Lindt-Schokolade und die «Dubai-Schokolade»: Klage, Hintergrund und rechtliche Fragen

Seit mehreren Monaten wird das Internet geflutet von der sogenannten „Dubai-Schokolade“, bestehend aus Schokolade, Pistaziencreme und Engelshaar. Die kalorienreiche Tafel mit Pistaziencreme und gebratenen Teigfäden, Engelshaar genannt, mischt derzeit den Süßwarenmarkt auf, wie lange kein Produkt. Bei der beliebten Dubai-Schokolade handelt es sich um Schokolade, ursprünglich aus Dubai, die mit einer speziellen Pistaziencreme und dem sogenannten Engelshaar gefüllt ist.

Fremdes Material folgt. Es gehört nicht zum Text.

(* The $\Sigma_1$-theory $\mathcal{T}_\varsigma$ is stably finite, and thus has the finite model property, with respect to $\{\sigma\}$.
   Context: $\varsigma:\mathbb{N}\to\mathbb{N}$ is the Busy Beaver function: $\varsigma(n)$ is the maximum number of $1$'s that a halting Turing machine with at most $n$ states can leave on its tape, starting from an all-$0$ tape. $\Sigma_1$ is the empty signature (only equality, interpreted as identity) with one sort $\sigma$. Let $\psi_{\ge n}=\exists x_1\dots x_n.\bigwedge_{1\le i<j\le n}\neg(x_i=x_j)$, $\psi_{\le n}=\exists x_1\dots x_n\forall y.\bigvee_{i=1}^n y=x_i$, $\psi_{=n}=\psi_{\ge n}\wedge\psi_{\le n}$. $\mathcal{T}_\varsigma$ is the $\Sigma_1$-theory (class of all $\Sigma_1$-interpretations satisfying the axioms) axiomatized by $\{\psi_{\ge\varsigma(k+2)}\vee\bigvee_{i=2}^{k+2}\psi_{=\varsigma(i)}:k\in\mathbb{N}\}$. A theory $\mathcal{T}$ is stably finite w.r.t. $\{\sigma\}$ if for every quantifier-free $\phi$ and $\mathcal{T}$-interpretation $\mathcal{A}$ satisfying $\phi$ there is a $\mathcal{T}$-interpretation $\mathcal{B}$ satisfying $\phi$ with $|\sigma^{\mathcal{B}}|$ finite and $|\sigma^{\mathcal{B}}|\le|\sigma^{\mathcal{A}}|$. It has the finite model property w.r.t. $\{\sigma\}$ if every quantifier-free formula satisfied by some $\mathcal{T}$-interpretation is satisfied by some $\mathcal{T}$-interpretation with finite domain. *)

theory Defs
  imports Main "HOL-Library.Equipollence"
begin

text \<open>A Turing machine with n states (states 0..n-1, start state 0) over the
alphabet {0,1} (False/True). The transition maps (state, read symbol) to
(symbol to write, move right?, next state) where None is the halting state.\<close>

type_synonym tm = "nat \<Rightarrow> bool \<Rightarrow> bool \<times> bool \<times> nat option"

definition tm_wf :: "nat \<Rightarrow> tm \<Rightarrow> bool" where
  "tm_wf n M \<longleftrightarrow> 0 < n \<and>
     (\<forall>q<n. \<forall>b q'. snd (snd (M q b)) = Some q' \<longrightarrow> q' < n)"

type_synonym config = "nat option \<times> (int \<Rightarrow> bool) \<times> int"

fun tm_step :: "tm \<Rightarrow> config \<Rightarrow> config" where
  "tm_step M (None, t, h) = (None, t, h)"
| "tm_step M (Some q, t, h) =
     (let (w, r, q') = M q (t h) in (q', t(h := w), if r then h + 1 else h - 1))"

definition tm_run :: "tm \<Rightarrow> nat \<Rightarrow> config" where
  "tm_run M k = (tm_step M ^^ k) (Some 0, \<lambda>_. False, 0)"

definition halts_with :: "tm \<Rightarrow> nat \<Rightarrow> bool" where
  "halts_with M c \<longleftrightarrow> (\<exists>k. fst (tm_run M k) = None \<and>
       c = card {i. fst (snd (tm_run M k)) i})"

text \<open>Machines with fewer states embed into machines with exactly n states
(unused states), so "at most n states" = "state set {0..<n}".\<close>
definition busy_beaver :: "nat \<Rightarrow> nat" where
  "busy_beaver n = Sup {c. \<exists>M. tm_wf n M \<and> halts_with M c}"

datatype form = FTrue | FFalse | Eq nat nat | Neg form | Conj form form
  | Disj form form | Ex nat form | All nat form

fun sat :: "'a set \<Rightarrow> (nat \<Rightarrow> 'a) \<Rightarrow> form \<Rightarrow> bool" where
  "sat D v FTrue = True"
| "sat D v FFalse = False"
| "sat D v (Eq x y) = (v x = v y)"
| "sat D v (Neg p) = (\<not> sat D v p)"
| "sat D v (Conj p q) = (sat D v p \<and> sat D v q)"
| "sat D v (Disj p q) = (sat D v p \<or> sat D v q)"
| "sat D v (Ex x p) = (\<exists>d\<in>D. sat D (v(x := d)) p)"
| "sat D v (All x p) = (\<forall>d\<in>D. sat D (v(x := d)) p)"

fun qfree :: "form \<Rightarrow> bool" where
  "qfree (Ex x p) = False"
| "qfree (All x p) = False"
| "qfree (Neg p) = qfree p"
| "qfree (Conj p q) = (qfree p \<and> qfree q)"
| "qfree (Disj p q) = (qfree p \<and> qfree q)"
| "qfree _ = True"

definition interp :: "'a set \<Rightarrow> (nat \<Rightarrow> 'a) \<Rightarrow> bool" where
  "interp D v \<longleftrightarrow> D \<noteq> {} \<and> (\<forall>x. v x \<in> D)"

definition big_and :: "form list \<Rightarrow> form" where "big_and ps = foldr Conj ps FTrue"
definition big_or :: "form list \<Rightarrow> form" where "big_or ps = foldr Disj ps FFalse"
definition exs :: "nat list \<Rightarrow> form \<Rightarrow> form" where "exs xs p = foldr Ex xs p"

text \<open>Variables x_1..x_n are 1..n, y is 0.\<close>
definition psi_ge :: "nat \<Rightarrow> form" where
  "psi_ge n = exs [1..<n+1]
     (big_and [Neg (Eq i j). i \<leftarrow> [1..<n+1], j \<leftarrow> [1..<n+1], i < j])"

definition psi_le :: "nat \<Rightarrow> form" where
  "psi_le n = exs [1..<n+1] (All 0 (big_or [Eq 0 i. i \<leftarrow> [1..<n+1]]))"

definition psi_eq :: "nat \<Rightarrow> form" where
  "psi_eq n = Conj (psi_ge n) (psi_le n)"

definition T_bb_axiom :: "nat \<Rightarrow> form" where
  "T_bb_axiom k = Disj (psi_ge (busy_beaver (k+2)))
      (big_or [psi_eq (busy_beaver i). i \<leftarrow> [2..<k+3]])"

definition T_bb_interp :: "'a set \<Rightarrow> (nat \<Rightarrow> 'a) \<Rightarrow> bool" where
  "T_bb_interp D v \<longleftrightarrow> interp D v \<and> (\<forall>k. sat D v (T_bb_axiom k))"

definition stably_finite :: "('a set \<Rightarrow> (nat \<Rightarrow> 'a) \<Rightarrow> bool) \<Rightarrow> bool" where
  "stably_finite T \<longleftrightarrow> (\<forall>\<phi> D v. qfree \<phi> \<and> T D v \<and> sat D v \<phi> \<longrightarrow>
      (\<exists>D' v'. T D' v' \<and> sat D' v' \<phi> \<and> finite D' \<and> D' \<lesssim> D))"

definition finite_model_property :: "('a set \<Rightarrow> (nat \<Rightarrow> 'a) \<Rightarrow> bool) \<Rightarrow> bool" where
  "finite_model_property T \<longleftrightarrow> (\<forall>\<phi>. qfree \<phi> \<longrightarrow> (\<exists>D v. T D v \<and> sat D v \<phi>) \<longrightarrow>
      (\<exists>D' v'. T D' v' \<and> sat D' v' \<phi> \<and> finite D'))"

end

theory Submission
  imports Defs
begin

text \<open>A quantifier-free formula only sees the elements named by its finitely many variables, so
  in an infinite model it stays true on every finite subdomain containing them, and there are
  such subdomains of every size at least their number. Hence it suffices that the theory has
  finite models of arbitrarily large size. This needs no property of \<open>\<varsigma>\<close> at all: if \<open>\<varsigma>\<close> is
  bounded on \<open>{2, 3, ...}\<close>, every large \<open>n\<close> satisfies all axioms through their \<open>psi_ge\<close>
  disjunct; otherwise \<open>\<varsigma>\<close> has arbitrarily large record values \<open>\<varsigma> j\<close>, with \<open>\<varsigma> l \<le> \<varsigma> j\<close> for
  \<open>2 \<le> l \<le> j\<close>, and a domain of exactly \<open>\<varsigma> j\<close> elements satisfies the \<open>k\<close>-th axiom through
  \<open>psi_eq (\<varsigma> j)\<close> if \<open>j \<le> k + 2\<close> and through \<open>psi_ge (\<varsigma> (k + 2))\<close> otherwise.\<close>

fun vars :: "form \<Rightarrow> nat set" where
  "vars (Eq x y) = {x, y}"
| "vars (Neg p) = vars p"
| "vars (Conj p q) = vars p \<union> vars q"
| "vars (Disj p q) = vars p \<union> vars q"
| "vars (Ex x p) = insert x (vars p)"
| "vars (All x p) = insert x (vars p)"
| "vars FTrue = {}"
| "vars FFalse = {}"

lemma finite_vars: "finite (vars p)"
  by (induction p) auto

lemma sat_qfree_cong:
  "qfree p \<Longrightarrow> (\<And>x. x \<in> vars p \<Longrightarrow> v x = v' x) \<Longrightarrow> sat D v p = sat D' v' p"
  by (induction p) auto

lemma sat_qfree_transfer:
  assumes "qfree \<phi>" "sat D v \<phi>" "v ` vars \<phi> \<subseteq> D'" "D' \<noteq> {}"
  obtains v' where "interp D' v'" "sat D' v' \<phi>"
proof -
  obtain d where "d \<in> D'" using assms(4) by blast
  let ?v' = "override_on (\<lambda>_. d) v (vars \<phi>)"
  have "interp D' ?v'"
    using assms(3,4) \<open>d \<in> D'\<close> by (auto simp: interp_def override_on_def)
  moreover have "sat D' ?v' \<phi>"
    using sat_qfree_cong[OF assms(1), of ?v' v D' D] assms(2) by simp
  ultimately show thesis by (rule that)
qed

lemma sat_big_and: "sat D v (big_and ps) = (\<forall>p\<in>set ps. sat D v p)"
  unfolding big_and_def by (induction ps) auto

lemma sat_big_or: "sat D v (big_or ps) = (\<exists>p\<in>set ps. sat D v p)"
  unfolding big_or_def by (induction ps) auto

lemma sat_exsI:
  assumes "u ` set xs \<subseteq> D" "sat D (override_on v u (set xs)) p"
  shows "sat D v (exs xs p)"
  using assms
proof (induction xs arbitrary: v)
  case Nil
  then show ?case by (simp add: exs_def)
next
  case (Cons x xs)
  have "override_on (v(x := u x)) u (set xs) = override_on v u (set (x # xs))"
    by (auto simp: override_on_def)
  then have "sat D (v(x := u x)) (exs xs p)"
    using Cons by simp
  then show ?case
    using Cons.prems(1) by (auto simp: exs_def)
qed

lemma sat_psi_ge:
  assumes "finite D" "N \<le> card D"
  shows "sat D v (psi_ge N)"
proof -
  obtain f where f: "f ` {1..<N+1} \<subseteq> D" "inj_on f {1..<N+1}"
    using card_le_inj[of "{1..<N+1}" D] assms by auto
  have "sat D (override_on v f {1..<N+1}) (Neg (Eq i j))"
    if "i \<in> {1..<N+1}" "j \<in> {1..<N+1}" "i < j" for i j
    using that inj_onD[OF f(2), of i j] by (auto simp: override_on_def)
  then have "sat D (override_on v f {1..<N+1})
      (big_and [Neg (Eq i j). i \<leftarrow> [1..<N+1], j \<leftarrow> [1..<N+1], i < j])"
    unfolding sat_big_and by (auto split: if_splits)
  then show ?thesis
    using sat_exsI[of f "[1..<N+1]" D v] f(1) unfolding psi_ge_def set_upt by blast
qed

lemma sat_psi_eq_card:
  assumes "finite D"
  shows "sat D v (psi_eq (card D))"
proof -
  let ?N = "card D"
  obtain h where h: "bij_betw h {1..<?N+1} D"
    using ex_bij_betw_nat_finite_1[OF assms] atLeastLessThanSuc_atLeastAtMost by auto
  let ?v = "override_on v h {1..<?N+1}"
  have "sat D (?v(0 := d)) (big_or [Eq 0 i. i \<leftarrow> [1..<?N+1]])" if "d \<in> D" for d
  proof -
    obtain i where "i \<in> {1..<?N+1}" "h i = d"
      using h \<open>d \<in> D\<close> by (metis bij_betw_imp_surj_on imageE)
    then have "Eq 0 i \<in> set [Eq 0 i. i \<leftarrow> [1..<?N+1]]" "sat D (?v(0 := d)) (Eq 0 i)"
      by (auto simp: override_on_def)
    then show ?thesis unfolding sat_big_or by blast
  qed
  then have "sat D ?v (All 0 (big_or [Eq 0 i. i \<leftarrow> [1..<?N+1]]))"
    by simp
  then have "sat D v (psi_le ?N)"
    using sat_exsI[of h "[1..<?N+1]" D v] h unfolding psi_le_def set_upt bij_betw_def by blast
  then show ?thesis
    using sat_psi_ge[OF assms order_refl] by (simp add: psi_eq_def)
qed

definition admissible_size :: "(nat \<Rightarrow> nat) \<Rightarrow> nat \<Rightarrow> bool" where
  "admissible_size f n \<longleftrightarrow> (\<forall>k. f (k + 2) \<le> n \<or> n \<in> f ` {2..k + 2})"

lemma admissible_size_upper_bound:
  "(\<And>i. 2 \<le> i \<Longrightarrow> f i \<le> n) \<Longrightarrow> admissible_size f n"
  by (simp add: admissible_size_def)

lemma admissible_size_record:
  assumes "2 \<le> j" "\<And>l. l \<in> {2..j} \<Longrightarrow> f l \<le> f j"
  shows "admissible_size f (f j)"
  unfolding admissible_size_def
proof
  fix k
  show "f (k + 2) \<le> f j \<or> f j \<in> f ` {2..k + 2}"
  proof (cases "k + 2 \<le> j")
    case True
    then show ?thesis using assms(2) by simp
  next
    case False
    then show ?thesis using assms(1) by force
  qed
qed

lemma admissible_size_unbounded: "\<exists>n\<ge>m. admissible_size f n"
proof (cases "\<exists>B. \<forall>i\<ge>2. f i \<le> B")
  case True
  then obtain B where "\<And>i. 2 \<le> i \<Longrightarrow> f i \<le> B" by blast
  then have "admissible_size f (max B m)"
    by (intro admissible_size_upper_bound) (simp add: le_max_iff_disj)
  then show ?thesis by (intro exI[of _ "max B m"]) simp
next
  case False
  then obtain i where i: "2 \<le> i" "m < f i" by (meson not_le)
  have "Max (f ` {2..i}) \<in> f ` {2..i}"
    using i(1) by (intro Max_in) auto
  then obtain j where j: "j \<in> {2..i}" "f j = Max (f ` {2..i})"
    by (metis imageE)
  then have j_max: "\<And>l. l \<in> {2..i} \<Longrightarrow> f l \<le> f j"
    by simp
  have "admissible_size f (f j)"
    using j j_max by (intro admissible_size_record) auto
  moreover have "m \<le> f j"
    using i j_max[of i] by simp
  ultimately show ?thesis by blast
qed

lemma T_bb_interp_if_admissible_card:
  assumes "finite D" "interp D v" "admissible_size busy_beaver (card D)"
  shows "T_bb_interp D v"
  unfolding T_bb_interp_def
proof (intro conjI allI)
  fix k
  consider "busy_beaver (k + 2) \<le> card D" | i where "i \<in> {2..k + 2}" "card D = busy_beaver i"
    using assms(3) unfolding admissible_size_def by blast
  then show "sat D v (T_bb_axiom k)"
  proof cases
    case 1
    then show ?thesis using sat_psi_ge[OF assms(1)] by (simp add: T_bb_axiom_def)
  next
    case 2
    then have "psi_eq (busy_beaver i) \<in> set [psi_eq (busy_beaver i). i \<leftarrow> [2..<k+3]]"
      by auto
    then show ?thesis
      using sat_psi_eq_card[OF assms(1), of v] 2(2) by (auto simp: T_bb_axiom_def sat_big_or)
  qed
qed (fact assms(2))

lemma infinite_obtain_finite_superset_card:
  assumes "infinite D" "finite A" "A \<subseteq> D" "card A \<le> n"
  obtains D' where "A \<subseteq> D'" "D' \<subseteq> D" "finite D'" "card D' = n"
proof -
  have "infinite (D - A)"
    using assms(2,1) by (rule Diff_infinite_finite)
  then obtain B where B: "finite B" "card B = n - card A" "B \<subseteq> D - A"
    using infinite_arbitrarily_large by blast
  have "A \<subseteq> A \<union> B" "A \<union> B \<subseteq> D" "finite (A \<union> B)"
    using B assms(2,3) by auto
  moreover have "card (A \<union> B) = n"
    using B assms(2,4) card_Un_disjoint[of A B] by auto
  ultimately show thesis by (rule that)
qed

lemma stably_finite_T_bb: "stably_finite (T_bb_interp :: 'a set \<Rightarrow> (nat \<Rightarrow> 'a) \<Rightarrow> bool)"
  unfolding stably_finite_def
proof (intro allI impI)
  fix \<phi> and D :: "'a set" and v
  assume \<phi>: "qfree \<phi> \<and> T_bb_interp D v \<and> sat D v \<phi>"
  show "\<exists>(D' :: 'a set) v'. T_bb_interp D' v' \<and> sat D' v' \<phi> \<and> finite D' \<and> D' \<lesssim> D"
  proof (cases "finite D")
    case True
    then show ?thesis using \<phi> lepoll_refl[of D] by blast
  next
    case False
    let ?A = "v ` vars \<phi>"
    have "?A \<subseteq> D"
      using \<phi> by (auto simp: T_bb_interp_def interp_def)
    obtain n where n: "max 1 (card ?A) \<le> n" "admissible_size busy_beaver n"
      using admissible_size_unbounded by blast
    then obtain D' where D': "?A \<subseteq> D'" "D' \<subseteq> D" "finite D'" "card D' = n"
      using infinite_obtain_finite_superset_card[OF False _ \<open>?A \<subseteq> D\<close>] finite_vars by auto
    then have "D' \<noteq> {}"
      using n(1) by auto
    then obtain v' where "interp D' v'" "sat D' v' \<phi>"
      using sat_qfree_transfer \<phi> D'(1) by blast
    moreover have "T_bb_interp D' v'"
      using T_bb_interp_if_admissible_card[OF D'(3) \<open>interp D' v'\<close>] D'(4) n(2) by simp
    ultimately show ?thesis
      using D' subset_imp_lepoll by blast
  qed
qed

lemma finite_model_property_if_stably_finite:
  "stably_finite T \<Longrightarrow> finite_model_property T"
  unfolding stably_finite_def finite_model_property_def by blast

theorem lemma52:
  shows "stably_finite (T_bb_interp :: 'a set \<Rightarrow> (nat \<Rightarrow> 'a) \<Rightarrow> bool)
       \<and> finite_model_property (T_bb_interp :: 'a set \<Rightarrow> (nat \<Rightarrow> 'a) \<Rightarrow> bool)"
  using stably_finite_T_bb finite_model_property_if_stably_finite by blast

end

Dubai-Schokolade mit Engelshaar und Pistazien

Zahlreiche Unternehmen wie Lindt, Lidl oder Aldi sprangen mit auf den Erfolgszug, stellten eigene Kreationen der Trend-Schokolade her und verkauften diese oder planen einen Verkauf. Ungeachtet dessen sind in der Schweiz auch die grossen Detailhändler auf den Hype aufgesprungen. Bei Coop gibt es niederländische Dubai-Schoggi seit dem 22. November. Die Konkurrentin Migros zieht nächste Woche nach. Ab dem 10. Dezember verkauft der orange Riese 100'000 limitierte Schachteln der Luzerner Confiserie Bachmann in seinen Filialen. Aldi und Lidl zögern hingegen noch.

Wer beansprucht die Herkunftsbezeichnung?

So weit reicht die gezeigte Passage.